# Task prompt:
For this exercise, reproduce the entries below exactly, but only from the line containing "when the denominator" through the line containing "G \<Upsilon> a \<and>", both included.
⟨
(* Let $\mathcal R$ be a nonzero commutative ring. Then $\mathcal R[[Y]]^{W^v}=\mathcal R[Y]^{W^v}$ (i.e. every $W^v$-invariant element of the Looijenga algebra has finite support) if and only if $W^v$ is finite.
   Context: $I$ finite, $A$ a generalized Cartan matrix; $X,Y$ dual free $\mathbb Z$-modules of finite rank with free families $(\alpha_i)\subset X$, $(\alpha_i^\vee)\subset Y$, $\alpha_j(\alpha_i^\vee)=a_{i,j}$; $\mathbb A=Y\otimes\mathbb R$; $r_i(v)=v-\alpha_i(v)\alpha_i^\vee$; $W^v=\langle r_i\rangle$; $Q^\vee_+=\bigoplus\mathbb N\alpha_i^\vee$, $x\le_{Q^\vee}y$ iff $y-x\in Q^\vee_+$. A set $E\subset Y$ is almost finite if there is a finite $J\subset Y$ with every element of $E$ $\le_{Q^\vee}$ some element of $J$. $\mathcal R[[Y]]$ is the set of formal series $\sum_{\lambda\in Y}a_\lambda e^\lambda$ with almost finite support ($e^\lambda e^\mu=e^{\lambda+\mu}$), $\mathcal R[Y]$ its subalgebra of finitely supported elements, and the superscript $W^v$ denotes elements with $a_{w(\lambda)}=a_\lambda$ for all $w\in W^v$. *)

theory Defs
  imports Main
begin

text \<open>The lattice Y (a free Z-module of finite rank) is modelled as
  Y = Z^D for a finite coordinate set D, i.e. integer functions supported in D.
  Its dual X is modelled the same way, with the perfect pairing given by
  the dot product over D.\<close>

definition lat :: "'d set \<Rightarrow> ('d \<Rightarrow> int) set" where
  "lat D = {y. \<forall>k. k \<notin> D \<longrightarrow> y k = 0}"

definition pair :: "'d set \<Rightarrow> ('d \<Rightarrow> int) \<Rightarrow> ('d \<Rightarrow> int) \<Rightarrow> int" where
  "pair D x y = (\<Sum>k\<in>D. x k * y k)"
text \<open>Security constraint G sqrt(sigma_E) / ((sum a) * max(a p)) >= sqrt Upsilon;
  when the denominator is 0 (a = 0) the ratio is +infinity and the constraint holds.\<close>
definition feasible ::
  "nat \<Rightarrow> (nat \<Rightarrow> real) \<Rightarrow> real \<Rightarrow> real \<Rightarrow> real \<Rightarrow> real \<Rightarrow> real \<Rightarrow> real \<Rightarrow> (nat \<Rightarrow> real) \<Rightarrow> bool" where
  "feasible N p \<kappa> \<epsilon> \<sigma>B \<sigma>E G \<Upsilon> a \<longleftrightarrow>
     (\<forall>n\<in>{1..N}. a n \<in> {0, 1}) \<and>
     (\<forall>n\<in>{1..N}. 2 * \<kappa> * a n * p n / sqrt \<sigma>B \<le> \<epsilon>) \<and>
     (let D = (\<Sum>n=1..N. a n) * Max ((\<lambda>n. a n * p n) ` {1..N})
      in D = 0 \<or> G * sqrt \<sigma>E / D \<ge> sqrt \<Upsilon>)"

definition optimal ::
  "nat \<Rightarrow> (nat \<Rightarrow> real) \<Rightarrow> real \<Rightarrow> real \<Rightarrow> real \<Rightarrow> real \<Rightarrow> real \<Rightarrow> real \<Rightarrow> (nat \<Rightarrow> real) \<Rightarrow> bool" where
  "optimal N p \<kappa> \<epsilon> \<sigma>B \<sigma>E G \<Upsilon> a \<longleftrightarrow>
     feasible N p \<kappa> \<epsilon> \<sigma>B \<sigma>E G \<Upsilon> a \<and>
     (\<forall>b. feasible N p \<kappa> \<epsilon> \<sigma>B \<sigma>E G \<Upsilon> b \<longrightarrow> objective N p b \<le> objective N p a)"

definition Kx :: "nat \<Rightarrow> (nat \<Rightarrow> real) \<Rightarrow> real \<Rightarrow> real \<Rightarrow> real \<Rightarrow> nat \<Rightarrow> nat \<Rightarrow> int" where
  "Kx N p \<sigma>E G \<Upsilon> i x =
     min (int N - int i - int x + 2) \<lfloor>G * sqrt \<sigma>E / (p (i + x - 1) * sqrt \<Upsilon>)\<rfloor>"

definition ax :: "nat \<Rightarrow> (nat \<Rightarrow> real) \<Rightarrow> real \<Rightarrow> real \<Rightarrow> real \<Rightarrow> nat \<Rightarrow> nat \<Rightarrow> (nat \<Rightarrow> real)" where
  "ax N p \<sigma>E G \<Upsilon> i x = (\<lambda>n.
     if int i + int x - 1 \<le> int n \<and> int n \<le> int i + int x + Kx N p \<sigma>E G \<Upsilon> i x - 2 then 1 else 0)"

end

theory Submission
  imports Defs
begin

text \<open>Only the support \<open>S\<close> of a 0/1 selection matters: the objective is \<open>\<Sum>n\<in>S. p n\<close>,
  privacy constrains each selected device separately, and, \<open>p\<close> being decreasing, the security
  constraint says that \<open>card S\<close> is at most the budget \<open>\<lfloor>G \<surd>\<sigma>\<^sub>E / (p\<^sub>m \<surd>\<Upsilon>)\<rfloor>\<close> of the first
  selected device \<open>m\<close>. Privacy forces \<open>m \<ge> i\<close>. Again because \<open>p\<close> is decreasing, the \<open>card S\<close>
  consecutive devices starting at \<open>m\<close> earn at least as much as \<open>S\<close>, and they lie in the window
  \<open>a\<^sup>x\<close>, \<open>x = m - i + 1\<close>, which is feasible and as long as the budget of \<open>m\<close> and the bound \<open>N\<close>
  allow. So every feasible selection is dominated by one of the finitely many candidates.\<close>

lemma sum_antitone_le_initial_interval:
  fixes p :: "nat \<Rightarrow> 'a::ordered_comm_monoid_add"
  assumes antitone: "\<And>a b. m \<le> a \<Longrightarrow> a \<le> b \<Longrightarrow> b \<le> N \<Longrightarrow> p b \<le> p a"
    and "finite S" "S \<subseteq> {m..N}"
  shows "sum p S \<le> sum p {m..<m + card S}"
  using assms(2,3)
proof (induction "card S" arbitrary: S)
  case 0
  then show ?case by simp
next
  case (Suc k)
  define t where "t = Max S"
  have "S \<noteq> {}" using Suc.hyps(2) by auto
  then have t: "t \<in> S" using Suc.prems t_def by simp
  have "S \<subseteq> {m..t}" using Suc.prems by (auto simp: t_def)
  then have "Suc k \<le> card {m..t}" using card_mono[of "{m..t}" S] Suc.hyps(2) by simp
  then have "p t \<le> p (m + k)" using antitone t Suc.prems(2) by auto
  moreover have "card (S - {t}) = k" using Suc.hyps(2) t by simp
  then have "sum p (S - {t}) \<le> sum p {m..<m + k}"
    using Suc.hyps(1)[of "S - {t}"] Suc.prems by auto
  ultimately have "sum p S \<le> p (m + k) + sum p {m..<m + k}"
    unfolding sum.remove[OF Suc.prems(1) t] by (rule add_mono)
  also have "\<dots> = sum p {m..<m + card S}"
    using Suc.hyps(2)[symmetric] by (simp add: add.commute)
  finally show ?case .
qed

lemma ex_optimal_among_dominating_candidates:
  fixes f :: "'b \<Rightarrow> 'c::linorder"
  assumes "finite X" "X \<noteq> {}"
    and "\<forall>x\<in>X. P (c x)"
    and dominated: "\<And>b. P b \<Longrightarrow> \<exists>x\<in>X. f b \<le> f (c x)"
  shows "\<exists>x\<in>X. P (c x) \<and> (\<forall>b. P b \<longrightarrow> f b \<le> f (c x))"
proof -
  obtain x0 where x0: "x0 \<in> X" "f (c x0) = Max ((\<lambda>x. f (c x)) ` X)"
    using Max_in[of "(\<lambda>x. f (c x)) ` X"] assms(1,2) by fastforce
  have "f b \<le> f (c x0)" if "P b" for b
    using dominated[OF that] x0 assms(1) by (auto intro: order.trans)
  then show ?thesis using x0(1) assms(3) by blast
qed

definition support :: "nat \<Rightarrow> (nat \<Rightarrow> real) \<Rightarrow> nat set" where
  "support N a = {n\<in>{1..N}. a n = 1}"

lemma finite_support [simp]: "finite (support N a)"
  by (simp add: support_def)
⟩
# Answer area:
  when the denominator is 0 (a = 0) the ratio is +infinity and the constraint holds.\<close>
definition feasible ::
  "nat \<Rightarrow> (nat \<Rightarrow> real) \<Rightarrow> real \<Rightarrow> real \<Rightarrow> real \<Rightarrow> real \<Rightarrow> real \<Rightarrow> real \<Rightarrow> (nat \<Rightarrow> real) \<Rightarrow> bool" where
  "feasible N p \<kappa> \<epsilon> \<sigma>B \<sigma>E G \<Upsilon> a \<longleftrightarrow>
     (\<forall>n\<in>{1..N}. a n \<in> {0, 1}) \<and>
     (\<forall>n\<in>{1..N}. 2 * \<kappa> * a n * p n / sqrt \<sigma>B \<le> \<epsilon>) \<and>
     (let D = (\<Sum>n=1..N. a n) * Max ((\<lambda>n. a n * p n) ` {1..N})
      in D = 0 \<or> G * sqrt \<sigma>E / D \<ge> sqrt \<Upsilon>)"

definition optimal ::
  "nat \<Rightarrow> (nat \<Rightarrow> real) \<Rightarrow> real \<Rightarrow> real \<Rightarrow> real \<Rightarrow> real \<Rightarrow> real \<Rightarrow> real \<Rightarrow> (nat \<Rightarrow> real) \<Rightarrow> bool" where
  "optimal N p \<kappa> \<epsilon> \<sigma>B \<sigma>E G \<Upsilon> a \<longleftrightarrow>
     feasible N p \<kappa> \<epsilon> \<sigma>B \<sigma>E G \<Upsilon> a \<and>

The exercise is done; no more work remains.